其中g为图类OlapBase的实例化对象

# 函数名称:ProcessVertexActive[ReducedSum, Algorithm](
#           work: (algo: Algorithm, vi: size_t)-> ReducedSum,
#           active: ParallelBitset,
#           algo: Algorithm,
#           zero: ReducedSum = 0,
#           reduce: (a: ReducedSum, b: ReducedSum)-> ReducedSum = reduce_plus[ReducedSum])
#
#   函数用途:对active_vertices中对应为1的节点执行work函数，第三个参数表示累加的基数，默认为0；
#   第四个参数表示对每个work处理后的节点返回值进行迭代reduce函数操作，默认为累加操作。
#   具体实现请参考/include/lgraph/olap_base.h中具体代码
#
# 使用示例:输出Graph中节点1，2，3的所有出度邻居，并统计这三个节点的总出度

import cython
from cython.cimports.olap_base import *
from cython.cimports.libc.stdio import printf


@cython.cclass
class NeighborCore:
    graph: cython.pointer(OlapBase[Empty])
    active_in: ParallelBitset

    @cython.cfunc
    @cython.nogil
    def Work(self, vi: size_t) -> size_t:
        degree = self.graph.OutDegree(vi)
        dst: size_t
        edges = self.graph.OutEdges(vi)
        local_out_degree: size_t
        for i in range(degree):
            dst = edges[i].neighbour
            printf("node %lu has neighbour %lu\n", vi, dst)
            local_out_degree += 1
        return local_out_degree

    def run(self, pointer_g: cython.pointer(OlapBase[Empty])):
        self.graph = pointer_g
        self.active_in = self.graph.AllocVertexSubset()
        self. active_in. Add(1)
        self. active_in. Add(2)
        self. active_in. Add(3)
        total_outdegree = cython.declare(
            size_t,
            self.graph.ProcessVertexActive[size_t, CountCore](self.Work, self.active_in, self))
        printf("total outdegree of node1,2,3 is %lu\n",total_outdegree)

if __name__ == "__main__":
    neighbor_core = NeighborCore()
    neighbor_core.run(cython.address(g))

如上面两个例子所展示，在Python中ProcessVertexActive与ProcessVertexInRange比在C++中额外需要一个算法类指针参数，Work函数一般也作为该算法类的成员函数，满足Work函数访问成员变量的需求（如图graph，点数组parent），在调用批处理函数时将Work函数和算法类的self指针传入批处理函数。

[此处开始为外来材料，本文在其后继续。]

(* Let $G$ be a finite, simple, connected graph with $n$ vertices $v_1,\ldots,v_n$ and $m$ edges, let $a\in[0,1]$ and $b\in\mathbb{R}$, and let $\tilde{\mathbf U}$ be the generalized Grover matrix of $G$ with parameters $a,b$. Then \[ \det(\mathbf I_{2m}-u\tilde{\mathbf U})=\frac{(1-b^2u^2)^{m-n}}{\prod_{i=1}^n \deg v_i}\det\Big(\mathbf D\big\{(1+b(2a-b)u^2)\mathbf I_n+b(b-a)u^2\mathbf D\big\}-u\mathbf A_d\Big), \] where $\mathbf D$ is the $n\times n$ diagonal matrix with $\mathbf D_{v_iv_i}=\deg v_i$, and $\mathbf A_d=(A^{(d)}_{uv})_{u,v\in V(G)}$ is the $n\times n$ matrix with $A^{(d)}_{uv}=(2-\deg u)a+b\deg u$ if $u$ and $v$ are adjacent, and $A^{(d)}_{uv}=0$ otherwise.
   Context: For a simple graph $G$, $D(G)$ denotes the set of $2m$ arcs: for each edge $uv$ both $(u,v)$ and $(v,u)$. For an arc $e=(u,v)$, $o(e)=u$, $t(e)=v$, $e^{-1}=(v,u)$; $d_v=\deg v$ is the degree of $v$. For $a\in[0,1]$, $b\in\mathbb R$, the generalized Grover matrix $\tilde{\mathbf U}=(\tilde U_{ef})_{e,f\in D(G)}$ is the $2m\times 2m$ matrix with $\tilde U_{ef}=(2/d_{t(f)}-1)a+b$ if $t(f)=o(e)$ and $f\neq e^{-1}$; $\tilde U_{ef}=(2/d_{t(f)}-1)a$ if $f=e^{-1}$; and $\tilde U_{ef}=0$ otherwise. The identity is an identity of polynomials (rational functions) in the variable $u$. *)

theory Defs
  imports "HOL-Combinatorics.Permutations" Complex_Main
begin

definition simple_graph :: "'a set \<Rightarrow> ('a \<Rightarrow> 'a \<Rightarrow> bool) \<Rightarrow> bool" where
  "simple_graph V E \<longleftrightarrow> finite V \<and> (\<forall>x y. E x y \<longrightarrow> x \<in> V \<and> y \<in> V)
     \<and> (\<forall>x y. E x y \<longrightarrow> E y x) \<and> (\<forall>x. \<not> E x x)"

其中Work函数会在多线程中调用，因此加上修饰器@cython.nogil释放Python全局解释锁，在多线程执行的代码中（例如批处理函数中的Work函数，cython.parallel.prange中），不能包含Python对象，最好通过dst: type或者dst = cython.declare(type)的方式声明变量为C/C++类型。

图类OlapOnDB:

并行化创建有向图：

olapondb = OlapOnDB[Empty](db, txn, SNAPSHOT_PARALLEL)

并行化创建无向图

olapondb = OlapOnDB[Empty](db, txn, SNAPSHOT_PARALLEL | SNAPSHOT_UNDIRECTED)

ID_MAPPING创建有向图

olapondb = OlapOnDB[Empty](db, txn, SNAPSHOT_PARALLEL | SNAPSHOT_IDMAPPING)

图类OlapOnDisk

ConfigBase：

ConfigBase(): 构造函数
std::string input_dir: 图边表数据路径
std::string output_dir: 输出结果路径
Load(config: ConfigBase[EdgeData], edge_direction_policy: EdgeDirectionPolicy)-> void: 读入图数据

5. lgraph_db API

见plugins/cython/lgraph_db.pxd与lgraph_db_python.py文件。

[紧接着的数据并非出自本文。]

(* Let $\mathcal{A}=(\mathcal{E},\{M_i\}_{i\in\mathcal{O}})$ be a quantum decision model with Kraus form $\mathcal{E}(\rho)=\sum_jE_j\rho E_j^\dagger$. (1) The Lipschitz constant of $\mathcal{A}$ is \[K^*=\max_{A\subseteq\mathcal{O}}\big[\lambda_{\max}(M_A)-\lambda_{\min}(M_A)\big],\qquad M_A=\sum_{i\in A}\mathcal{E}^\dagger(M_i^\dagger M_i),\] where $\mathcal{E}^\dagger(X)=\sum_jE_j^\dagger XE_j$ and $\lambda_{\max},\lambda_{\min}$ denote the largest and smallest eigenvalues of the positive semidefinite matrix $M_A$ (with $M_\emptyset=0$). (2) Let $A^*\subseteq\mathcal{O}$ attain this maximum, and let $|\psi\rangle,|\phi\rangle$ be normalized eigenvectors of $M_{A^*}$ for its largest and smallest eigenvalues respectively (chosen mutually orthogonal). Then, with $\psi=|\psi\rangle\langle\psi|$ and $\phi=|\phi\rangle\langle\phi|$, \[ d(\mathcal{A}(\psi),\mathcal{A}(\phi))=K^*D(\psi,\phi)=K^*. \]
   Context: $\mathcal{H}$ is a Hilbert space of finite dimension $N$, $\mathcal{D}(\mathcal{H})$ its density matrices. A quantum decision model $\mathcal{A}=(\mathcal{E},\{M_i\}_{i\in\mathcal{O}})$ consists of a completely positive trace-preserving map $\mathcal{E}$ and a measurement $\{M_i\}_{i\in\mathcal{O}}$ ($\mathcal{O}$ finite, $\sum_iM_i^\dagger M_i=I$) and maps $\rho$ to $\mathcal{A}(\rho)=\{\mathrm{tr}(M_i\mathcal{E}(\rho)M_i^\dagger)\}_{i\in\mathcal{O}}$. $D(\rho,\sigma)=\frac12\mathrm{tr}|\rho-\sigma|$; $d(p,q)=\frac12\sum_i|p_i-q_i|$. The Lipschitz constant $K^*$ of $\mathcal{A}$ is the smallest $K\ge0$ with $d(\mathcal{A}(\rho),\mathcal{A}(\sigma))\le KD(\rho,\sigma)$ for all $\rho,\sigma\in\mathcal{D}(\mathcal{H})$. *)

theory Defs
  imports "Jordan_Normal_Form.Matrix" "Jordan_Normal_Form.Char_Poly"
begin

definition dag :: "complex mat \<Rightarrow> complex mat" where
  "dag A = mat (dim_col A) (dim_row A) (\<lambda>(i,j). cnj (A $$ (j,i)))"

definition mtrace :: "complex mat \<Rightarrow> complex" where
  "mtrace A = (\<Sum>i<dim_row A. A $$ (i,i))"

definition msum :: "nat \<Rightarrow> complex mat list \<Rightarrow> complex mat" where
  "msum n xs = foldr (+) xs (0\<^sub>m n n)"

definition psd :: "nat \<Rightarrow> complex mat \<Rightarrow> bool" where
  "psd n A \<longleftrightarrow> A \<in> carrier_mat n n \<and> dag A = A \<and>
     (\<forall>v \<in> carrier_vec n. Im ((A *\<^sub>v v) \<bullet>c v) = 0 \<and> 0 \<le> Re ((A *\<^sub>v v) \<bullet>c v))"

definition density :: "nat \<Rightarrow> complex mat \<Rightarrow> bool" where
  "density n \<rho> \<longleftrightarrow> psd n \<rho> \<and> mtrace \<rho> = 1"

definition mabs :: "complex mat \<Rightarrow> complex mat" where
  "mabs X = (THE S. psd (dim_col X) S \<and> S * S = dag X * X)"

definition trace_norm :: "complex mat \<Rightarrow> real" where
  "trace_norm X = Re (mtrace (mabs X))"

lgraph_db.pxd中接口用法与功能基本与C++接口相同，lgraph_db.pxd中声明的接口都由C++实现，在py文件中必须通过from cython.cimports.olap_base import *的方式导入，由Cython编译py文件后才能运行。

VertexIndexIterator

GetVid()-> int64_t: 获取点的vid

Galaxy

Galaxy(dir_path: std::string): 构造函数，dir_path为db路径
SetCurrentUser(user: std::string, password: std::string)-> cython.void: 设置用户
SetUser(user: std::string)-> cython.void: 设置用户
OpenGraph(graph: std::string, read_only: bint)-> GraphDB: 创建GraphDB

GraphDB：

CreateReadTxn()-> Transaction: 创建只读事务
CreateWriteTxn()-> Transaction: 创建写事务
ForkTxn(txn: Transaction)-> Transaction: 复制事务，只能复制读事务

Transaction：

GetVertexIndexIterator(
                label: std::string,
                field: std::string,
                key_start: std::string,
                key_end: std::string)-> VertexIndexIterator

获取索引迭代器。迭代器的field值为 [key_start, key_end]。所以在key_start=key_end=v时，返回指向field值为v的点的迭代器

lgraph_db_python.py是lgraph_db.pxd中C++类 Galaxy与GraphDB的包装，将C++类包装为Python类，将lgraph_db_python.py编译为Python拓展后，可以直接在Python文件或Python命令行中import lgraph_db_python访问lgraph_db_python.PyGraphDB与PyGraphDB.PyGalaxy。

PyGalaxy:

PyGalaxy(self, dir_path: str): 构造函数，dir_path为db路径
SetCurrentUser(self, user: str password: str)-> void: 设置用户
SetUser(self, user: std::string)-> void: 设置用户
OpenGraph(self, graph: str, read_only: bool)-> PyGraphDB: 创建PyGraphDB

PyGraphDB:

get_pointer(self)-> cython.Py_ssize_t: C++ 类GraphDB的地址

6. 算法插件示例

下面为Python实现的BFS算法的代码示例：

# cython: language_level=3, cpp_locals=True, boundscheck=False, wraparound=False, initializedcheck=False
# distutils: language = c++

# 注释作用如下：
# language_level=3: 使用Python3
# cpp_locals=True: 需要c++17，使用std::optional管理Python代码中的C++对象，可以避免C++对象的拷贝构造
# boundscheck=False: 关闭索引的边界检查
# wraparound=False: 关闭负数下标的处理（类似Python List）
# initializedcheck=False: 关闭检查内存是否初始化，关闭检查后运行性能更快
# language = c++: 将此py文件翻译为C++而不是C文件，TuGraph使用大量模板函数，所以都应该使用C++

import json

import cython
from cython.cimports.olap_base import *
from cython.cimports.lgraph_db import *
# 从plugins/cython/ 中cimportolap_base.pxd与lgraph_db.pxd, 类似C++中#include "xxx.h"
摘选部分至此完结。